International Trade – Case Studies
The UK Limited Liability Partnership (LLP)
A Versatile European Vehicle for International Trade
Introduced by the UK Government in 2000, the United Kingdom Limited Liability Partnership (LLP) is a distinct legal entity and a corporate body with all the functionalities of a Private Limited Company. However, it is taxed as if it were a Partnership.
The United Kingdom Tax Authorities have affirmed that the taxation model for LLPs follows the procedure that Partnerships have adhered to in the past. Consequently, the income and capital gains of an LLP are treated as income allocated to its members. This means that the UK LLP can serve as a tax-efficient instrument for international trade, provided there is no income sourced from the UK, and the members are non-residents of the United Kingdom, which would exempt them from UK taxation.
It is also important to note that LLPs are subject to similar limitations in terms of asset protection as companies. If, for instance, an LLP is engaged in fraudulent activities, the courts can hold the partners responsible for settling any outstanding liabilities.
In the eyes of general law, an LLP is considered a ‘body corporate,’ resembling a company.
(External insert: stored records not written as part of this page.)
(* Let $I\subset\mathbb{R}$ be an open interval and let $\alpha:I\to\mathbb{R}$ be a smooth function with $\alpha>0$ and $\alpha'\neq 0$ on $I$. Consider the rotational surface $M$ in $(\mathbb{R}^3,\|\cdot\|)$ parametrized by $f(u,v)=(\alpha(u)\cos v,\ \alpha(u)\sin v,\ u)$, $u\in I$. Then $M$ is flat (i.e. its Minkowski Gaussian curvature $K$ vanishes identically) if and only if $\alpha(u)=au+b$ on $I$ for constants $a\neq 0$ and $b$, i.e. $M$ is (part of) a circular cone with axis the $x_3$-axis.
   Context: Fix an integer $m\ge 2$. Let $\Phi(x_1,x_2,x_3)=(x_1^2+x_2^2)^m+x_3^{2m}$ and let $\|\cdot\|$ be the norm on $\mathbb{R}^3$ whose unit sphere is $S=\{x\in\mathbb{R}^3:\Phi(x)=1\}$ (a smooth, strictly convex surface). For a real number $t$ and an integer $k$, $t^{k/(2m-1)}$ means $(t^{1/(2m-1)})^k$ with the real odd root. For a surface given by a parametrization $f(s,v)$, its Birkhoff–Gauss map $\eta$ is the map into $S$ defined by requiring $\eta\in S$ and $\nabla\Phi(\eta)=\mu\, f_s\times f_v$ for some function $\mu>0$, where $\times$ is the standard cross product (so the tangent plane of $S$ at $\eta(p)$ is parallel to $T_pM$, and $d\eta_p$ is an endomorphism of $T_pM$). The Minkowski Gaussian curvature is $K=\det(d\eta_p)$ and the Minkowski mean curvature is $H=\tfrac12\operatorname{trace}(d\eta_p)$. The surface is flat if $K\equiv 0$ and minimal if $H\equiv 0$. *)

theory Defs
  imports "HOL-Analysis.Analysis"
begin

definition smooth_on :: "real set \<Rightarrow> (real \<Rightarrow> real) \<Rightarrow> bool" where
  "smooth_on I g \<longleftrightarrow> (\<exists>D :: nat \<Rightarrow> real \<Rightarrow> real. D 0 = g \<and>
      (\<forall>n. \<forall>x\<in>I. (D n has_real_derivative D (Suc n) x) (at x)))"

definition Phi :: "nat \<Rightarrow> real^3 \<Rightarrow> real" where
  "Phi m x = ((x$1)^2 + (x$2)^2)^m + (x$3)^(2*m)"

definition gradPhi :: "nat \<Rightarrow> real^3 \<Rightarrow> real^3" where
  "gradPhi m x = vector
     [2 * real m * x$1 * ((x$1)^2 + (x$2)^2)^(m - 1),
      2 * real m * x$2 * ((x$1)^2 + (x$2)^2)^(m - 1),
      2 * real m * (x$3)^(2*m - 1)]"

definition partial_s :: "(real \<times> real \<Rightarrow> real^3) \<Rightarrow> real \<times> real \<Rightarrow> real^3" where
  "partial_s F p = vector_derivative (\<lambda>s. F (s, snd p)) (at (fst p))"

definition partial_v :: "(real \<times> real \<Rightarrow> real^3) \<Rightarrow> real \<times> real \<Rightarrow> real^3" where
  "partial_v F p = vector_derivative (\<lambda>v. F (fst p, v)) (at (snd p))"

definition BG_map :: "nat \<Rightarrow> (real \<times> real \<Rightarrow> real^3) \<Rightarrow> real \<times> real \<Rightarrow> real^3" where
  "BG_map m f p = (THE e. Phi m e = 1 \<and>
      (\<exists>\<mu>>0. gradPhi m e = \<mu> *\<^sub>R cross3 (partial_s f p) (partial_v f p)))"

text \<open>Minkowski Gaussian curvature K = det(d eta_p), where d eta_p is the endomorphism
  of T_pM with matrix [[a,b],[c,d]] in the basis f_s, f_v:
  eta_s = a f_s + c f_v and eta_v = b f_s + d f_v.\<close>
definition mink_gauss_curv :: "nat \<Rightarrow> (real \<times> real \<Rightarrow> real^3) \<Rightarrow> real \<times> real \<Rightarrow> real" where
  "mink_gauss_curv m f p = (THE k. \<exists>a b c d.
      partial_s (BG_map m f) p = a *\<^sub>R partial_s f p + c *\<^sub>R partial_v f p \<and>
      partial_v (BG_map m f) p = b *\<^sub>R partial_s f p + d *\<^sub>R partial_v f p \<and>
      k = a * d - b * c)"

definition rot_surface :: "(real \<Rightarrow> real) \<Rightarrow> real \<times> real \<Rightarrow> real^3" where
  "rot_surface \<alpha> p = vector [\<alpha> (fst p) * cos (snd p), \<alpha> (fst p) * sin (snd p), fst p]"

end

theory Submission
  imports Defs
begin

text \<open>
  The Euclidean normal of the surface is alpha(u) (-cos v, -sin v, alpha'(u)). Since Phi is
  homogeneous of degree 2m, its gradient keeps its direction along rays, and on the ray through
  (-cos v, -sin v, z) it points along (-cos v, -sin v, z^(2m-1)). Hence the Birkhoff--Gauss map
  is the radial projection onto S of (-cos v, -sin v, w(u)) with w = alpha'^(1/(2m-1)), which is
  differentiable because alpha' never vanishes. Both coordinate directions are eigenvectors of
  its differential: eta_v = -c2 f_v and eta_s = c1 alpha'' f_s with c1, c2 > 0. So
  K = -c1 c2 alpha'' vanishes exactly where alpha'' does, and alpha'' = 0 on an interval means
  that alpha is affine.
\<close>

lemma has_vector_derivative_vector3:
  assumes "(f1 has_real_derivative a) (at x)" "(f2 has_real_derivative b) (at x)"
    "(f3 has_real_derivative c) (at x)"
  shows "((\<lambda>t. vector [f1 t, f2 t, f3 t] :: real^3) has_vector_derivative vector [a, b, c]) (at x)"
proof -
  define e1 e2 e3 :: "real^3" where "e1 = vector [1, 0, 0]" and "e2 = vector [0, 1, 0]"
    and "e3 = vector [0, 0, 1]"
  have decomp: "vector [x1, x2, x3] = x1 *\<^sub>R e1 + x2 *\<^sub>R e2 + x3 *\<^sub>R e3" for x1 x2 x3 :: real
    by (simp add: e1_def e2_def e3_def vec_eq_iff forall_3)
  show ?thesis
    unfolding decomp by (auto intro!: derivative_eq_intros assms)
qed

lemma cross3_ne_0_imp_coeffs_unique:
  assumes "cross3 x y \<noteq> 0" and "a *\<^sub>R x + c *\<^sub>R y = a' *\<^sub>R x + c' *\<^sub>R y"
  shows "a = a'" and "c = c'"
proof -
  have eq: "(a - a') *\<^sub>R x = (c' - c) *\<^sub>R y"
    using assms(2) by (simp add: algebra_simps)
  have "(a - a') *\<^sub>R cross3 x y = cross3 ((c' - c) *\<^sub>R y) y"
    by (simp only: cross_mult_left flip: eq)
  moreover have "(c' - c) *\<^sub>R cross3 x y = cross3 x ((a - a') *\<^sub>R x)"
    by (simp only: cross_mult_right eq)
  ultimately have "(a - a') *\<^sub>R cross3 x y = 0" and "(c' - c) *\<^sub>R cross3 x y = 0"
    by (simp_all add: cross_mult_left cross_mult_right)
  then show "a = a'" and "c = c'" using assms(1) by simp_all
qed

lemma mink_gauss_curv_eq_eigenvalue_product:
  assumes "cross3 (partial_s f p) (partial_v f p) \<noteq> 0"
    and "partial_s (BG_map m f) p = k1 *\<^sub>R partial_s f p"
    and "partial_v (BG_map m f) p = k2 *\<^sub>R partial_v f p"
  shows "mink_gauss_curv m f p = k1 * k2"
  unfolding mink_gauss_curv_def
proof (rule the_equality)
  show "\<exists>a b c d. partial_s (BG_map m f) p = a *\<^sub>R partial_s f p + c *\<^sub>R partial_v f p \<and>
      partial_v (BG_map m f) p = b *\<^sub>R partial_s f p + d *\<^sub>R partial_v f p \<and> k1 * k2 = a * d - b * c"
    using assms(2,3) by (intro exI[of _ k1] exI[of _ 0] exI[of _ 0] exI[of _ k2]) simp
next
  fix k
  assume "\<exists>a b c d. partial_s (BG_map m f) p = a *\<^sub>R partial_s f p + c *\<^sub>R partial_v f p \<and>
      partial_v (BG_map m f) p = b *\<^sub>R partial_s f p + d *\<^sub>R partial_v f p \<and> k = a * d - b * c"
  then obtain a b c d where
    "k1 *\<^sub>R partial_s f p + 0 *\<^sub>R partial_v f p = a *\<^sub>R partial_s f p + c *\<^sub>R partial_v f p"
    "0 *\<^sub>R partial_s f p + k2 *\<^sub>R partial_v f p = b *\<^sub>R partial_s f p + d *\<^sub>R partial_v f p"
    and "k = a * d - b * c"
    using assms(2,3) by auto
  with cross3_ne_0_imp_coeffs_unique[OF assms(1)] show "k = k1 * k2" by (metis mult_zero_left diff_zero)
qed

lemma Phi_scaleR: "Phi m (t *\<^sub>R x) = t ^ (2*m) * Phi m x"
proof -
  have "t^2 * (x$1)^2 + t^2 * (x$2)^2 = t^2 * ((x$1)^2 + (x$2)^2)"
    by (simp add: algebra_simps)
  then show ?thesis
    by (simp add: Phi_def power_mult_distrib power_mult) (simp add: distrib_left)
qed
However, for tax purposes, an LLP is typically treated as a ‘partnership.’
Consequently, from a tax perspective, an LLP is usually viewed as transparent, and each member or partner is taxed on their respective share of the LLP’s income or gains as if they were part of a conventional partnership.
Practical Case Study
Let’s consider a scenario:
A United Kingdom LLP has 95% of its members residing in a low-tax jurisdiction like Belize or The Seychelles, while a UK Private Limited Company owns the remaining 5%. The UK LLP’s intention is to procure goods from Asia for resale to a South American country.
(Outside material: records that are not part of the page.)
theorem proj_induces_iso_in_cohomology:
  assumes acyclic: "\<And>n. n \<in> free_on (B - B') \<Longrightarrow> d n = (\<lambda>_. 0) \<Longrightarrow> n \<in> d ` C"
  shows "induces_iso_in_cohomology C d R (\<lambda>c. p (d c)) p"
proof -
  let ?F = "induced_map R (\<lambda>c. p (d c)) p"
  have HC: "cohomology C d = (\<lambda>z. coset_of z (d ` C)) ` {z \<in> C. d z = (\<lambda>_. 0)}"
    by (simp add: cohomology_def)
  have "(\<lambda>c. p (d c)) ` R = d ` R" "{z \<in> R. p (d z) = (\<lambda>_. 0)} = {z \<in> R. d z = (\<lambda>_. 0)}"
    using p_d_on_R by (auto simp: image_def proj_on_def)
  then have HR: "cohomology R (\<lambda>c. p (d c)) = (\<lambda>z. coset_of z (d ` R)) ` {z \<in> R. d z = (\<lambda>_. 0)}"
    by (simp add: cohomology_def)
  have "inj_on ?F (cohomology C d)"
  proof (rule inj_onI)
    fix c1 c2 assume "c1 \<in> cohomology C d" "c2 \<in> cohomology C d" and "?F c1 = ?F c2"
    then obtain z1 z2 where z: "z1 \<in> C" "d z1 = (\<lambda>_. 0)" "c1 = coset_of z1 (d ` C)"
        "z2 \<in> C" "d z2 = (\<lambda>_. 0)" "c2 = coset_of z2 (d ` C)"
        "coset_of (p z1) (d ` R) = coset_of (p z2) (d ` R)"
      unfolding HC by (auto simp: induced_map_coset)
    then have "p (\<lambda>b. z1 b - z2 b) \<in> d ` R"
      by (simp add: coset_of_boundaries_R_eq_iff proj_on_def if_distrib[of "\<lambda>t. t - _"] cong: if_cong)
    moreover have "d (\<lambda>b. z1 b - z2 b) = (\<lambda>_. 0)" using z by (simp add: d_diff)
    ultimately have "(\<lambda>b. z1 b - z2 b) \<in> d ` C"
      using boundary_of_proj_boundary[OF acyclic] free_on_diff z by blast
    then show "c1 = c2" using z by (simp add: coset_of_boundaries_C_eq_iff)
  qed
  moreover have "?F ` cohomology C d = cohomology R (\<lambda>c. p (d c))"
  proof
    show "?F ` cohomology C d \<subseteq> cohomology R (\<lambda>c. p (d c))"
    proof
      fix x assume "x \<in> ?F ` cohomology C d"
      then obtain z where z: "z \<in> C" "d z = (\<lambda>_. 0)" "x = coset_of (p z) (d ` R)"
        unfolding HC by (auto simp: induced_map_coset)
      moreover have "d (p z) = (\<lambda>_. 0)" using d_p_commute[OF z(1)] z(2) by (simp add: proj_on_def)
      ultimately show "x \<in> cohomology R (\<lambda>c. p (d c))" unfolding HR using p_in_R by blast
    qed
    show "cohomology R (\<lambda>c. p (d c)) \<subseteq> ?F ` cohomology C d"
    proof
      fix x assume "x \<in> cohomology R (\<lambda>c. p (d c))"
      then obtain r where r: "r \<in> R" "d r = (\<lambda>_. 0)" "x = coset_of r (d ` R)"
        unfolding HR by blast
      then have "x = ?F (coset_of r (d ` C))"
        by (simp add: induced_map_coset R_subset_C proj_on_free_on)
      then show "x \<in> ?F ` cohomology C d" unfolding HC using r R_subset_C by blast
    qed
  qed
  moreover have "p (d c) = p (d (p c))" if "c \<in> C" for c
    using d_p_commute[OF that] proj_on_idem by metis
  ultimately show ?thesis
    unfolding induces_iso_in_cohomology_def bij_betw_def using p_in_R by blast
qed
The goods are acquired from Asia and then delivered to the buyer, with payments made from outside the United Kingdom. Since there is no income originating in the UK, 95% of the profits, which are attributed to the non-resident members, would be subject to taxation in their respective countries at applicable rates. The remaining 5% attributed to the UK resident member would be taxed in the UK at the prevailing rates after deducting business expenses.
Potential Considerations
To ensure tax liability is avoided, the UK LLP must be established with a profit-making objective, and it should not have any UK sourced income. Additionally, none of its members should be UK residents.
Anti-Avoidance Provisions
It’s important to note that the UK LLP generally does not have access to double taxation agreements. Moreover, it must comprise a minimum of two Partners (Members).